Joan held aloft a Stupendous Amber Level Up Bauble of Endurance. “With this, we shall bring about a great Leveling. All shall be equal under the System.”
“All are brothers under the Interface,” Cayo added, his head dipped in prayer.
“Hallowed be!” yelled the crowd.
To great fanfare, Joan popped the Level Up Bauble. It provided only a fraction of the XP required for a level 81 to advance to 82.
“For our first order of business: no longer shall the dead of all kinds be confined to church crypts.” Joan looked over the crowd as they soaked this in before continuing. “In this new world that we strive to create, all shall be buried in simple graves, facing the sky and accessible to family and the masses.”
This point gave Calaf a queasy, uneasy lump in his stomach. It was enough to break him out of the spell where he was transfixed alongside the crowd. Everything else Joan had said so far seemed at once blatantly rebellious against all that was holy but also, at some level deep in his gut, just plain common sense.

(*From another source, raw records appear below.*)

(* Let $k\ge 4$ be an integer and let $t$ be a positive integer divisible by $\operatorname{lcm}(2,3,\ldots,2k-1)$. If $S$ is a $k$-bounded zero-sum sequence of length $t+k^2-k-1$ that is $t$-avoiding, then either all terms of $S$ lie in $\{-1,k-1,k\}$ or all terms of $S$ lie in $\{1,-(k-1),-k\}$.
   Context: A sequence is a finite multiset of integers; its length is counted with multiplicity and a subsequence is a sub-multiset. $S$ is zero-sum if the sum of its terms is $0$, and $k$-bounded if all terms lie in $[-k,k]$. A zero-sum sequence is $t$-avoiding if it has no zero-sum subsequence of length exactly $t$. *)

theory Defs
  imports Main "HOL-Library.Multiset"
begin

text \<open>Sequences are finite multisets of integers.\<close>

definition zero_sum :: "int multiset \<Rightarrow> bool" where
  "zero_sum S \<longleftrightarrow> sum_mset S = 0"

definition k_bounded :: "int \<Rightarrow> int multiset \<Rightarrow> bool" where
  "k_bounded k S \<longleftrightarrow> (\<forall>x \<in># S. -k \<le> x \<and> x \<le> k)"

definition t_avoiding :: "nat \<Rightarrow> int multiset \<Rightarrow> bool" where
  "t_avoiding t S \<longleftrightarrow> zero_sum S \<and>
     \<not> (\<exists>T. T \<subseteq># S \<and> size T = t \<and> zero_sum T)"

end

theory Submission
  imports Defs
begin

text \<open>Let \<open>m = k\<^sup>2 - k - 1\<close>. Since \<open>S\<close> is zero-sum of length \<open>t + m\<close>, avoiding zero-sum
  subsequences of length \<open>t\<close> is the same as avoiding them of length \<open>m\<close>. As \<open>t \<ge> k\<^sup>4\<close>, some
  \<open>a \<in> [1, k]\<close> and some \<open>-b \<in> [-k, -1]\<close> occur at least \<open>m\<close> times each. A sub-multiset \<open>T\<close>
  of the remaining terms extends by copies of \<open>a\<close> and \<open>-b\<close> to a zero-sum subsequence of
  length \<open>m\<close> as soon as \<open>a + b\<close> divides \<open>b m - \<Sum>(x + b)\<close> and two size inequalities hold.
  Divisibility holds for all remaining terms together because \<open>(a + b) | b t\<close>, and a minimal
  such \<open>T\<close> is zero-sum free modulo \<open>a + b\<close>, hence has fewer than \<open>a + b\<close> terms (Davenport).
  The inequalities then rule out \<open>a, b \<ge> 2\<close>; for \<open>b = 1\<close> they force \<open>a \<in> {k - 1, k}\<close>
  and all remaining terms into \<open>{k - 1, k}\<close>; the case \<open>a = 1\<close> is the mirror image.\<close>


lemma sum_mset_le_size_mult:
  fixes f :: "'a \<Rightarrow> 'b::{ordered_comm_monoid_add, semiring_1}"
  assumes "\<And>x. x \<in># T \<Longrightarrow> f x \<le> c"
  shows "(\<Sum>x\<in>#T. f x) \<le> of_nat (size T) * c"
proof -
  have "(\<Sum>x\<in>#T. f x) \<le> (\<Sum>x\<in>#T. c)" using assms by (rule sum_mset_mono)
  thus ?thesis by simp
qed

lemma sum_mset_le_size_mult_remove:
  fixes f :: "'a \<Rightarrow> 'b::{ordered_comm_monoid_add, semiring_1}"
  assumes "x \<in># T" "f x \<le> c" "\<And>y. y \<in># T \<Longrightarrow> f y \<le> d"
  shows "(\<Sum>y\<in>#T. f y) \<le> c + of_nat (size T - 1) * d"
proof -
  have "(\<Sum>y\<in>#T. f y) = f x + (\<Sum>y\<in>#T - {#x#}. f y)"
    using \<open>x \<in># T\<close> by (metis image_mset_add_mset insert_DiffM sum_mset.insert)
  moreover have "(\<Sum>y\<in>#T - {#x#}. f y) \<le> of_nat (size (T - {#x#})) * d"
    using assms(3) by (intro sum_mset_le_size_mult) (meson in_diffD)
  moreover have "size (T - {#x#}) = size T - 1" using \<open>x \<in># T\<close> by (rule size_Diff_singleton)
  ultimately show ?thesis using \<open>f x \<le> c\<close> by (simp add: add_mono)
qed

lemma sum_mset_le_if_size_mult_le:
  fixes f :: "'a \<Rightarrow> 'b::linordered_idom"
  assumes "\<And>x. x \<in># T \<Longrightarrow> of_nat (size T) * f x \<le> c" and "0 \<le> c"
  shows "(\<Sum>x\<in>#T. f x) \<le> c"
proof (cases "T = {#}")
  case False
  hence "0 < (of_nat (size T) :: 'b)" by (simp add: nonempty_has_size)
  have "of_nat (size T) * (\<Sum>x\<in>#T. f x) = (\<Sum>x\<in>#T. of_nat (size T) * f x)"
    by (rule sum_mset_distrib_left)
  also have "\<dots> \<le> of_nat (size T) * c" using assms(1) by (rule sum_mset_le_size_mult)
  finally show ?thesis using \<open>0 < of_nat (size T)\<close> by simp
qed (use assms in simp)

lemma sum_mset_shift:
  fixes T :: "'a::comm_semiring_1 multiset"
  shows "(\<Sum>x\<in>#T. x + c) = sum_mset T + of_nat (size T) * c"
  by (induction T) (simp_all add: algebra_simps)

lemma dvd_sum_mset_minus_size_mult:
  fixes f :: "'a \<Rightarrow> 'b::comm_ring_1"
  assumes "\<And>x. x \<in># T \<Longrightarrow> N dvd f x - c"
  shows "N dvd (\<Sum>x\<in>#T. f x) - of_nat (size T) * c"
  using assms
proof (induction T)
  case (add x T)
  hence "N dvd (f x - c) + ((\<Sum>x\<in>#T. f x) - of_nat (size T) * c)" by simp
  thus ?case by (simp add: algebra_simps)
qed simp

lemma size_le_count_if_constant:
  assumes "T \<subseteq># U" and "\<And>x. x \<in># T \<Longrightarrow> x = c"
  shows "size T \<le> count U c"
proof -
  have "T = replicate_mset (size T) c" using assms(2) by (induction T) auto
  thus ?thesis using assms(1) by (metis count_le_replicate_mset_subset_eq)
qed

lemma sum_mset_image_uminus:
  fixes R :: "'a::ab_group_add multiset"
  shows "sum_mset (image_mset uminus R) = - sum_mset R"
  by (induction R) simp_all

lemma count_image_mset_uminus:
  fixes S :: "'a::group_add multiset"
  shows "count (image_mset uminus S) x = count S (- x)"
proof -
  have "uminus -` {x} = {- x}" by (auto simp: minus_equation_iff)
  thus ?thesis by (cases "- x \<in># S") (auto simp: count_image_mset not_in_iff)
qed

lemma k_bounded_image_uminus: "k_bounded k (image_mset uminus S) \<longleftrightarrow> k_bounded k S"
  by (auto simp: k_bounded_def)

lemma t_avoiding_image_uminusI:
  assumes "t_avoiding t S"
  shows "t_avoiding t (image_mset uminus S)"
  unfolding t_avoiding_def zero_sum_def
proof safe
  show "sum_mset (image_mset uminus S) = 0"
    using assms by (simp add: t_avoiding_def zero_sum_def sum_mset_image_uminus)
next
  fix R assume R: "R \<subseteq># image_mset uminus S" "t = size R" "sum_mset R = 0"
  have "image_mset uminus R \<subseteq># S"
    using image_mset_subseteq_mono[OF R(1), of uminus] by (simp add: multiset.map_comp comp_def)
  moreover have "size (image_mset uminus R) = t" "sum_mset (image_mset uminus R) = 0"
    using R by (simp_all add: sum_mset_image_uminus)
  ultimately show False
    using assms unfolding t_avoiding_def zero_sum_def by blast
qed

lemma t_avoiding_image_uminus: "t_avoiding t (image_mset uminus S) \<longleftrightarrow> t_avoiding t S"
  using t_avoiding_image_uminusI[of t S] t_avoiding_image_uminusI[of t "image_mset uminus S"]
  by (auto simp: multiset.map_comp comp_def)

lemma t_avoiding_complement:
  assumes "size S = t + m" and "t_avoiding t S"
  shows "t_avoiding m S"
  unfolding t_avoiding_def
proof (intro conjI notI)
  show "zero_sum S" using assms(2) by (simp add: t_avoiding_def)
next
  assume "\<exists>R. R \<subseteq># S \<and> size R = m \<and> zero_sum R"
  then obtain R where R: "R \<subseteq># S" "size R = m" "zero_sum R" by blast
  have "S - R \<subseteq># S" "size (S - R) = t" "zero_sum (S - R)"
    using R assms by (auto simp: size_Diff_submset t_avoiding_def zero_sum_def sum_mset_diff)
  thus False using assms(2) unfolding t_avoiding_def by blast
qed

section \<open>Zero-sum free sequences modulo N\<close>

definition zero_sum_free_mod :: "int \<Rightarrow> int multiset \<Rightarrow> bool" where
  "zero_sum_free_mod N U \<longleftrightarrow> (\<forall>Z. Z \<subseteq># U \<longrightarrow> Z \<noteq> {#} \<longrightarrow> \<not> N dvd sum_mset Z)"

lemma prefix_sums_mod_inj_on:
  assumes "zero_sum_free_mod N (mset xs)"
  shows "inj_on (\<lambda>i. sum_list (take i xs) mod N) {0..length xs}"
proof (rule linorder_inj_onI')
  fix i j assume "i \<in> {0..length xs}" "j \<in> {0..length xs}" "i < j"
  define Z where "Z = take (j - i) (drop i xs)"
  have "take j xs = take i xs @ Z"
    using take_add[of i "j - i" xs] \<open>i < j\<close> by (simp add: Z_def)
  hence "mset Z \<subseteq># mset (take j xs)" and sum_Z: "sum_list (take j xs) = sum_list (take i xs) + sum_list Z"
    by simp_all
  moreover have "mset (take j xs) \<subseteq># mset xs"
    by (metis append_take_drop_id mset_append mset_subset_eq_add_left)
  moreover have "mset Z \<noteq> {#}" using \<open>i < j\<close> \<open>j \<in> {0..length xs}\<close> by (auto simp: Z_def)
  ultimately have "\<not> N dvd sum_list Z"
    using assms unfolding zero_sum_free_mod_def by (metis sum_mset_sum_list subset_mset.order_trans)
  thus "sum_list (take i xs) mod N \<noteq> sum_list (take j xs) mod N"
    by (simp add: sum_Z mod_eq_dvd_iff)
qed

text \<open>The Davenport constant of \<open>\<int>/N\<close> is \<open>N\<close>: the \<open>size U + 1\<close> prefix sums are distinct modulo \<open>N\<close>.\<close>

lemma size_less_if_zero_sum_free_mod:
  assumes "N > 0" and "zero_sum_free_mod N U"
  shows "int (size U) < N"
proof -
  obtain xs where xs: "mset xs = U" using ex_mset by blast
  have "(\<lambda>i. sum_list (take i xs) mod N) ` {0..length xs} \<subseteq> {0..<N}"
    using \<open>N > 0\<close> by auto
  hence "card {0..length xs} \<le> card {0..<N}"
    using prefix_sums_mod_inj_on assms(2) xs by (metis card_inj_on_le finite_atLeastLessThan_int)
  thus ?thesis using xs by auto
qed

lemma prefix_sums_mod_surj:
  assumes "N > 0" and "zero_sum_free_mod N (mset xs)" and "int (length xs) = N - 1"
  shows "(\<lambda>i. sum_list (take i xs) mod N) ` {0..length xs} = {0..<N}"
proof (rule card_subset_eq)
  show "(\<lambda>i. sum_list (take i xs) mod N) ` {0..length xs} \<subseteq> {0..<N}" using \<open>N > 0\<close> by auto
  show "card ((\<lambda>i. sum_list (take i xs) mod N) ` {0..length xs}) = card {0..<N}"
    using card_image[OF prefix_sums_mod_inj_on[OF assms(2)]] assms(3) by simp
qed simp

text \<open>In a zero-sum-free sequence of maximal length \<open>N - 1\<close> all terms are congruent: with \<open>v\<close>
  placed first and \<open>u\<close> second, the residue of \<open>u\<close> must be one of the prefix sums, and only the
  prefix sum \<open>v\<close> avoids producing a zero-sum subsequence.\<close>

lemma congruent_if_zero_sum_free_mod_maximal:
  assumes "N > 0" and zsf: "zero_sum_free_mod N U" and size_U: "int (size U) = N - 1"
    and "u \<in># U" "v \<in># U"
  shows "N dvd (u - v)"
proof (cases "u = v")
  case False
  then obtain R where U: "U = add_mset v (add_mset u R)"
    using \<open>u \<in># U\<close> \<open>v \<in># U\<close> by (metis insert_DiffM insert_noteq_member)
  obtain rs where rs: "mset rs = R" using ex_mset by blast
  define xs where "xs = v # u # rs"
  have mset_xs: "mset xs = U" by (simp add: xs_def U rs)
  have "zero_sum_free_mod N (mset xs)" "int (length xs) = N - 1"
    using zsf size_U mset_xs by auto
  hence "(\<lambda>i. sum_list (take i xs) mod N) ` {0..length xs} = {0..<N}"
    using prefix_sums_mod_surj \<open>N > 0\<close> by blast
  hence "u mod N \<in> (\<lambda>i. sum_list (take i xs) mod N) ` {0..length xs}"
    using \<open>N > 0\<close> by simp
  then obtain i where "sum_list (take i xs) mod N = u mod N" by auto
  hence dvd_i: "N dvd (sum_list (take i xs) - u)" by (simp add: mod_eq_dvd_iff)
  have not_dvd: "\<not> N dvd sum_mset Z" if "Z \<subseteq># U" "Z \<noteq> {#}" for Z
    using zsf that unfolding zero_sum_free_mod_def by blast
  consider "i = 0" | "i = 1" | j where "i = Suc (Suc j)" by (cases i; cases "i - 1") auto
  thus ?thesis
  proof cases
    case 1
    thus ?thesis using dvd_i not_dvd[of "{#u#}"] \<open>u \<in># U\<close> by simp
  next
    case 2
    thus ?thesis using dvd_i by (simp add: xs_def dvd_diff_commute)
  next
    case (3 j)
    have "mset (take j rs) \<subseteq># R"
      using rs by (metis append_take_drop_id mset_append mset_subset_eq_add_left)
    hence "add_mset v (mset (take j rs)) \<subseteq># U"
      unfolding U
      by (metis add_mset_add_single mset_subset_eq_add_left subset_mset.order_trans
          mset_subset_eq_add_mset_cancel)
    moreover have "sum_list (take i xs) - u = sum_mset (add_mset v (mset (take j rs)))"
      by (simp add: 3 xs_def sum_mset_sum_list)
    ultimately show ?thesis using not_dvd[of "add_mset v (mset (take j rs))"] dvd_i by simp
  qed
qed simp

lemma obtain_zero_sum_free_mod_subset:
  assumes "N dvd (c - sum_mset U)"
  obtains V where "V \<subseteq># U" "N dvd (c - sum_mset V)" "zero_sum_free_mod N V"
proof -
  define P where "P V \<longleftrightarrow> V \<subseteq># U \<and> N dvd (c - sum_mset V)" for V
  obtain V where "P V" and least: "\<And>W. P W \<Longrightarrow> size V \<le> size W"
    using ex_has_least_nat[of P U size] assms by (auto simp: P_def)
  have "\<not> N dvd sum_mset Z" if "Z \<subseteq># V" "Z \<noteq> {#}" for Z
  proof
    assume "N dvd sum_mset Z"
    moreover have "c - sum_mset (V - Z) = (c - sum_mset V) + sum_mset Z"
      using \<open>Z \<subseteq># V\<close> by (simp add: sum_mset_diff)
    moreover have "V - Z \<subseteq># U"
      using \<open>P V\<close> unfolding P_def by (meson diff_subset_eq_self subset_mset.order_trans)
    ultimately have "P (V - Z)"
      using \<open>P V\<close> unfolding P_def by (metis dvd_add)
    hence "size V \<le> size (V - Z)" by (rule least)
    moreover have "size (V - Z) < size V"
      using that size_mset_mono[OF that(1)] by (simp add: size_Diff_submset nonempty_has_size)
    ultimately show False by simp
  qed
  thus ?thesis using that \<open>P V\<close> unfolding P_def zero_sum_free_mod_def by blast
qed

“And how shall we accomplish this?” Joan asked the crowd. “Well, we have found a vitally important piece for the board. A descendant of the holy twins, a young girl not but twelve years…”
Calaf looked around, scanning the bailey. Doing his job, trying to avoid thinking about whether this Paladin Joan and her apparent love spoke the truth. There, in a far corner, he saw her:
A slender woman wearing functional and mobility-enhancing travel attire leaned against the fortress walls. She had a tri-corner hat covering most of her face, but it could not mask an overlarge eyepatch over her left eye.
The relic thief seemed to notice Calaf in that moment as well. She shuffled in place and then stood up a little straighter. Her face went from neutral to a sharp smile. Then, she gave him a wink with her good eye.
“Jelena,” Calaf mouthed, almost letting relief and even longing sneak through.